In summary, our results from the differentiation of human osteoclasts in vitro in the presence of VIP indicate that its direct anti-osteoclastogenic effect is present in human cells, impairing both differentiation and resorption activity, mainly through the negative regulation of NFATc1. In addition, our findings on the relationship between serum levels of VIP and bone metabolism markers in early arthritis patients are in line with our hypothesis about bone-protective effects of VIP in humans, and also point out that in addition to exerting a direct inhibitory effect on osteoclasts, this neuropeptide seems to regulate the RANK/RANKL/OPG system. Therefore, although other molecular mechanisms underlying the VIP anti-osteoclastogenic effects need to be explored, our present results could contribute to establishing the basis to validate the potential of VIP in the improvement of bone homeostasis in RA patients.

Author Contributions

Conceptualization, D.C.-V., M.C. and R.P.G.; methodology, D.C.-V., A.L., P.A.-C., I.G.-C. and M.C.; software, D.C.-V., P.A.-C. and R.V.-R.; validation, A.L. and I.G.-C.; formal analysis, D.C.-V., A.L. and P.A.-C.; investigation, D.C.-V., P.A.-C., R.P.G. and M.C.; resources, A.L., C.M., Y.J. and I.G.-Á.; data curation, D.C.-V., A.L. and S.P.-G.; writing—original draft preparation, D.C.-V., M.C. and R.P.G.; writing—review and editing, I.G.-C., P.A.-C., R.V.-R., S.P.-G., C.M., Y.J., S.F.d.C. and I.G.-Á.; supervision, Y.J., I.G.-Á. and R.P.G.; project administration, Y.J., I.G.-Á. and R.P.G.; funding acquisition, Y.J., I.G.-Á. and R.P.G. All authors have read and agreed to the published version of the manuscript.

Funding

This research was funded by the Fondo de Investigación Sanitaria, Instituto de Salud Carlos III, grant numbers PI17/00027, PI20/00078, RD16/0012/0008 and RD16/0012/0011, co-financed by Fondo Europeo de Desarrollo Regional (FEDER).

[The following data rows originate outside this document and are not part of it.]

(* Let $K\ge1$ and $\alpha\in(0,1)$. (i) Let $(E_1,\dots,E_K)$ be arbitrarily dependent e-values (nonnegative, with $\mathbb E[E_i]\le1$ for each true null $i$), let $F_1,\dots,F_K$ be arbitrary nonnegative proxies, $\mathfrak S_E:[0,\infty)^K\to2^{[K]}$ a selection map, $\mathcal S=\mathfrak S_E(F_1,\dots,F_K)$, and $\mathcal R^{\mathrm{ePF}}$ the output of e-BH at level $\alpha$ applied to $(E_i\mathbf 1\{i\in\mathcal S\})_{i\in[K]}$. Then $\mathrm{FDR}(\mathcal R^{\mathrm{ePF}})\le\alpha$. (ii) Let $(P_1,\dots,P_K)$ be p-values, valid (superuniform) for each true null, let $Q_1,\dots,Q_K$ be arbitrary $[0,1]$-valued proxies, $\mathfrak S_P:[0,1]^K\to2^{[K]}$ a selection map, $\mathcal S=\mathfrak S_P(Q_1,\dots,Q_K)$, and $\mathcal R^{\mathrm{PF}}$ the output of BH at level $\alpha$ applied to $(P_i\vee\mathbf 1\{i\notin\mathcal S\})_{i\in[K]}$. Then $$\mathrm{FDR}(\mathcal R^{\mathrm{PF}})\le\begin{cases}\alpha(1+\log(\alpha^{-1})) & \text{if } (P_i) \text{ are independent or PRDN},\\ \alpha(3.18+\log(\alpha^{-1})) & \text{if } (P_i) \text{ are WNDN},\\ \alpha\,\ell_K & \text{under arbitrary dependence},\end{cases}$$ with $\ell_K=\sum_{k=1}^K1/k$.
   Context: BH at level $\alpha$: with $P_{(i)}$ the $i$-th smallest input, $k=\max\{i:P_{(i)}\le\alpha i/K\}$, reject $\{i:P_i\le\alpha k/K\}$. e-BH at level $\alpha$: with $E_{[i]}$ the $i$-th largest input, $k=\max\{i:E_{[i]}\ge K/(\alpha i)\}$, reject $\{i:E_i\ge K/(\alpha k)\}$. $\mathrm{FDR}(\mathcal R)=\mathbb E[|\mathcal N\cap\mathcal R|/(|\mathcal R|\vee1)]$, $\mathcal N$ the set of true nulls. A set $D\subseteq\mathbb R^K$ is increasing if $x\in D$, $y\ge x$ componentwise imply $y\in D$. PRDN: for every increasing $D$ and $k\in\mathcal N$, $\Pr((P_1,\dots,P_K)\in D\mid P_k\le x)$ is nondecreasing in $x$. WNDN: for every $A\subseteq\mathcal N$ and $s\in[0,1]$, $\Pr(\bigcap_{i\in A}\{P_i\le s\})\le\prod_{i\in A}\Pr(P_i\le s)$. *)

theory Defs
  imports "HOL-Probability.Probability"
begin

text \<open>Hypotheses are indexed by a finite type 'n, so K = CARD('n) \<ge> 1.\<close>

definition ith_smallest :: "('n::finite \<Rightarrow> real) \<Rightarrow> nat \<Rightarrow> real" where
  "ith_smallest p i = sorted_list_of_multiset (image_mset p (mset_set UNIV)) ! (i - 1)"

definition ith_largest :: "('n::finite \<Rightarrow> real) \<Rightarrow> nat \<Rightarrow> real" where
  "ith_largest e i = rev (sorted_list_of_multiset (image_mset e (mset_set UNIV))) ! (i - 1)"

definition BH :: "real \<Rightarrow> ('n::finite \<Rightarrow> real) \<Rightarrow> 'n set" where
  "BH \<alpha> p = (let K = CARD('n);
      k = Max ({0} \<union> {i \<in> {1..K}. ith_smallest p i \<le> \<alpha> * real i / real K})
    in if k = 0 then {} else {j. p j \<le> \<alpha> * real k / real K})"

definition eBH :: "real \<Rightarrow> ('n::finite \<Rightarrow> real) \<Rightarrow> 'n set" where
  "eBH \<alpha> e = (let K = CARD('n);
      k = Max ({0} \<union> {i \<in> {1..K}. ith_largest e i \<ge> real K / (\<alpha> * real i)})
    in if k = 0 then {} else {j. e j \<ge> real K / (\<alpha> * real k)})"

definition FDR :: "'a measure \<Rightarrow> 'n set \<Rightarrow> ('a \<Rightarrow> 'n set) \<Rightarrow> real" where
  "FDR M N R = (\<integral>\<omega>. real (card (N \<inter> R \<omega>)) / real (max (card (R \<omega>)) 1) \<partial>M)"

definition increasing_set :: "('n \<Rightarrow> real) set \<Rightarrow> bool" where
  "increasing_set D \<longleftrightarrow> (\<forall>x y. x \<in> D \<longrightarrow> (\<forall>i. x i \<le> y i) \<longrightarrow> y \<in> D)"

text \<open>PRDN (positive regression dependence on the subset of nulls).
  Conditional probabilities are taken where the conditioning event has positive probability.\<close>
definition PRDN :: "'a measure \<Rightarrow> 'n set \<Rightarrow> ('n \<Rightarrow> 'a \<Rightarrow> real) \<Rightarrow> bool" where
  "PRDN M N P \<longleftrightarrow>
    (\<forall>D k x y. D \<in> sets (Pi\<^sub>M UNIV (\<lambda>_. borel)) \<longrightarrow> increasing_set D \<longrightarrow> k \<in> N \<longrightarrow>
       x \<le> y \<longrightarrow> measure M {\<omega> \<in> space M. P k \<omega> \<le> x} > 0 \<longrightarrow>
       measure M {\<omega> \<in> space M. (\<lambda>i. P i \<omega>) \<in> D \<and> P k \<omega> \<le> x} / measure M {\<omega> \<in> space M. P k \<omega> \<le> x}
       \<le> measure M {\<omega> \<in> space M. (\<lambda>i. P i \<omega>) \<in> D \<and> P k \<omega> \<le> y} / measure M {\<omega> \<in> space M. P k \<omega> \<le> y})"
lemma BS_convergent_if_FO_local1_convergent:
  assumes conv: "FO_local1_convergent Gs"
  shows "BS_convergent d Gs"
  unfolding BS_convergent_def
proof (intro allI impI)
  fix r F o' assume "is_graph F \<and> o' \<in> verts F \<and> connected_graph F \<and> max_degree_le d F"
  then have F: "finite (verts F)" and o: "o' \<in> verts F" by (auto simp: is_graph_def)
  define ws where "ws = o' # sorted_list_of_set (verts F - {o'})"
  have ws: "distinct ws" "set ws = verts F" "ws \<noteq> []" and "ws ! 0 = o'"
    unfolding ws_def using F o by auto
  have "ball_iso_fo F ws r \<in> FO_local_p 1"
    unfolding FO_local_p_def using free_vars_ball_iso_fo[OF ws(3)] ball_iso_fo_local[OF ws] by blast
  then have "convergent (\<lambda>n. density 1 (ball_iso_fo F ws r) (Gs n))"
    using conv unfolding FO_local1_convergent_def by blast
  moreover have "density 1 (ball_iso_fo F ws r) (Gs n) =
      real (card {v \<in> verts (Gs n). rooted_iso (induced (Gs n) (ball (Gs n) r v)) v F o'})
      / real (card (verts (Gs n)))" for n
  proof (rule density_1_eq)
    fix v :: "nat \<Rightarrow> nat" assume v: "v \<in> {0..<1} \<rightarrow>\<^sub>E verts (Gs n)"
    have "v 0 \<in> verts (Gs n)" by (rule PiE_mem[OF v]) simp
    then show "sat (Gs n) v (ball_iso_fo F ws r) \<longleftrightarrow>
        rooted_iso (induced (Gs n) (ball (Gs n) r (v 0))) (v 0) F o'"
      using sat_ball_iso_fo[OF ws] \<open>ws ! 0 = o'\<close> by simp
  qed
  ultimately show "convergent (\<lambda>n. real (card {v \<in> verts (Gs n).
      rooted_iso (induced (Gs n) (ball (Gs n) r v)) v F o'}) / real (card (verts (Gs n))))"
    by simp
qed

theorem theorem4p5:
  fixes d :: nat and Gs :: "nat \<Rightarrow> graph"
  assumes "\<And>n. is_graph (Gs n)"
    and "\<And>n. max_degree_le d (Gs n)"
    and "filterlim (\<lambda>n. card (verts (Gs n))) at_top sequentially"
  shows "(BS_convergent d Gs \<longleftrightarrow> FO_local1_convergent Gs)
       \<and> (FO_local1_convergent Gs \<longleftrightarrow> FO_local_convergent Gs)"
proof -
  have "BS_convergent d Gs \<Longrightarrow> FO_local_convergent Gs"
    unfolding FO_local_convergent_def using FO_local_density_convergent[OF assms] by blast
  moreover have "FO_local_convergent Gs \<Longrightarrow> FO_local1_convergent Gs"
    unfolding FO_local_convergent_def FO_local1_convergent_def by blast
  moreover have "FO_local1_convergent Gs \<Longrightarrow> BS_convergent d Gs"
    by (rule BS_convergent_if_FO_local1_convergent)
  ultimately show ?thesis by blast
qed

end
(* For all integers $s,l\ge 0$, as $n\to\infty$, \[ \left\langle S_{2,n}^l\left(S_{2,n}-\frac{n}{4}\right)^{2s}\right\rangle\sim\left(\frac{n}{4}\right)^l\frac{(2s-1)!!}{4^{2s}}n^s,\qquad \left\langle S_{2,n}^l\left(S_{2,n}-\frac{n}{4}\right)^{2s+1}\right\rangle\sim\left(\frac{n}{4}\right)^l\frac{(2s+1)!!}{2\cdot 4^{2s+1}}(2l+1)\,n^s. \]
   Context: For $n\ge 1$, let $\Omega_n$ be the set of rooted plane (ordered) full binary trees with $n$ leaves (every internal node has exactly two children, left and right distinguished). The random model is $\Omega_n$ with the uniform probability measure $P_n$; $\langle\cdot\rangle$ denotes expectation with respect to $P_n$. Horton–Strahler ordering: every leaf has order 1; an internal node whose two children have different orders $r_1\neq r_2$ has order $\max\{r_1,r_2\}$; an internal node whose two children both have order $r$ has order $r+1$. A branch of order $r$ is a maximal connected path consisting of nodes all of order $r$. $S_{2,n}(\tau)$ is the number of branches of order $2$ in $\tau\in\Omega_n$. For sequences, $a_n\sim b_n$ means $\lim_{n\to\infty}a_n/b_n=1$. Convention: $(-1)!!=1$. *)

theory Defs
  imports Complex_Main "HOL-Library.Landau_Symbols"
begin

datatype btree = Leaf | Node btree btree

fun leaves :: "btree \<Rightarrow> nat" where
  "leaves Leaf = 1"
| "leaves (Node l r) = leaves l + leaves r"

definition Omega :: "nat \<Rightarrow> btree set" where
  "Omega n = {t. leaves t = n}"

fun hs :: "btree \<Rightarrow> nat" where
  "hs Leaf = 1"
| "hs (Node l r) = (if hs l = hs r then hs l + 1 else max (hs l) (hs r))"

text \<open>Nodes of order k form vertex-disjoint downward paths (a node never has two
children of its own order).  A branch of order k is a maximal such path, so it is
identified by its top node: a node of order k that is the root or whose parent has
order different from k.  branch_tops k t counts such top nodes strictly below the root.\<close>
fun branch_tops :: "nat \<Rightarrow> btree \<Rightarrow> nat" where
  "branch_tops k Leaf = 0"
| "branch_tops k (Node l r) =
     (if hs l = k \<and> hs (Node l r) \<noteq> k then 1 else 0)
   + (if hs r = k \<and> hs (Node l r) \<noteq> k then 1 else 0)
   + branch_tops k l + branch_tops k r"
lemma first_occurrence_Least:
  assumes "i < p"
  shows "(LEAST j. \<tau> j = \<tau> i) \<in> first_occurrences \<tau> p" and "\<tau> (LEAST j. \<tau> j = \<tau> i) = \<tau> i"
proof -
  show eq: "\<tau> (LEAST j. \<tau> j = \<tau> i) = \<tau> i" by (rule LeastI[of _ i]) simp
  have "(LEAST j. \<tau> j = \<tau> i) \<le> i" by (rule Least_le) simp
  moreover have "\<tau> j \<noteq> \<tau> (LEAST j. \<tau> j = \<tau> i)" if "j < (LEAST j. \<tau> j = \<tau> i)" for j
    using not_less_Least[OF that] eq by simp
  ultimately show "(LEAST j. \<tau> j = \<tau> i) \<in> first_occurrences \<tau> p"
    unfolding first_occurrences_def using assms by simp
qed

lemma inj_on_first_occurrences: "inj_on \<tau> (first_occurrences \<tau> p)"
proof (rule inj_onI)
  fix i i' assume "i \<in> first_occurrences \<tau> p" "i' \<in> first_occurrences \<tau> p" "\<tau> i = \<tau> i'"
  then show "i = i'" unfolding first_occurrences_def by (cases i i' rule: linorder_cases) auto
qed

lemma card_first_occurrences_le_card:
  assumes "\<tau> \<in> {0..<p} \<rightarrow>\<^sub>E K" and "finite K"
  shows "card (first_occurrences \<tau> p) \<le> card K"
proof -
  have "card (first_occurrences \<tau> p) = card (\<tau> ` first_occurrences \<tau> p)"
    by (rule card_image[OF inj_on_first_occurrences, symmetric])
  also have "\<dots> \<le> card K"
    using assms by (intro card_mono) (auto simp: first_occurrences_def PiE_iff)
  finally show ?thesis .
qed

text \<open>Each first occurrence is matched injectively with a later repetition of its letter.\<close>

lemma card_first_occurrences_repeated_words:
  assumes \<tau>: "\<tau> \<in> repeated_words p K"
  shows "2 * card (first_occurrences \<tau> p) \<le> p"
proof -
  let ?F = "first_occurrences \<tau> p"
  have "\<forall>i\<in>?F. \<exists>j. j < p \<and> j \<noteq> i \<and> \<tau> j = \<tau> i"
    using \<tau> unfolding repeated_words_def first_occurrences_def by auto
  then obtain g where g: "\<And>i. i \<in> ?F \<Longrightarrow> g i < p \<and> g i \<noteq> i \<and> \<tau> (g i) = \<tau> i"
    by metis
  have "g i \<in> {0..<p} - ?F" if "i \<in> ?F" for i
  proof -
    have "\<not> g i < i" using g[OF that] that unfolding first_occurrences_def by auto
    then have "i < g i" using g[OF that] by simp
    then show ?thesis using g[OF that] unfolding first_occurrences_def by auto
  qed
  moreover have "inj_on g ?F"
  proof (rule inj_onI)
    fix i i' assume "i \<in> ?F" "i' \<in> ?F" "g i = g i'"
    then show "i = i'" using g inj_onD[OF inj_on_first_occurrences] by metis
  qed
  ultimately have "card ?F \<le> card ({0..<p} - ?F)"
    by (intro card_inj_on_le) auto
  also have "\<dots> = p - card ?F"
    by (simp add: card_Diff_subset finite_subset first_occurrences_def subset_eq)
  finally show ?thesis by simp
qed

Institutional Review Board Statement

All subjects gave their informed consent for inclusion before they participated in the study. The study was conducted in accordance with the Declaration of Helsinki, and the protocol was approved by the Ethics Committee of Instituto de Investigación Sanitaria La Princesa (PI-518).

Informed Consent Statement

Informed consent was obtained from all subjects involved in the study.

Data Availability Statement

The data presented in this study are available on request from the corresponding author. The data are not publicly available due to the lack of an existing repository.

Acknowledgments

We are grateful to Elena Neumann’s Lab (Department of Internal Medicine and Rheumatology, Justus-Liebig-Universität Giessen) for their assistance and guidance in osteoclast differentiation techniques and study of osteoclast biology. We thank Miriam González Diego for her generous assistance in obtaining the study samples.

Conflicts of Interest

I.G.-A. reports personal fees from Lilly (Indianapolis, IN, USA) and Sanofi (Gentilly, France); personal fees and non-financial support from BMS (New York, NY, USA); personal fees and non-financial support from AbbVie (Madrid, Spain); research support, personal fees, and non-financial support from Roche Laboratories; research support from Gebro Pharma (Barcelona, Spain); and non-financial support from MSD (Branchburg, NJ, USA), Pfizer (New York, NY, USA), and Novartis (Madrid, Spain), not related to the submitted work. The funders had no role in the design of the study; in the collection, analyses, or interpretation of data; in the writing of the manuscript, or in the decision to publish the results.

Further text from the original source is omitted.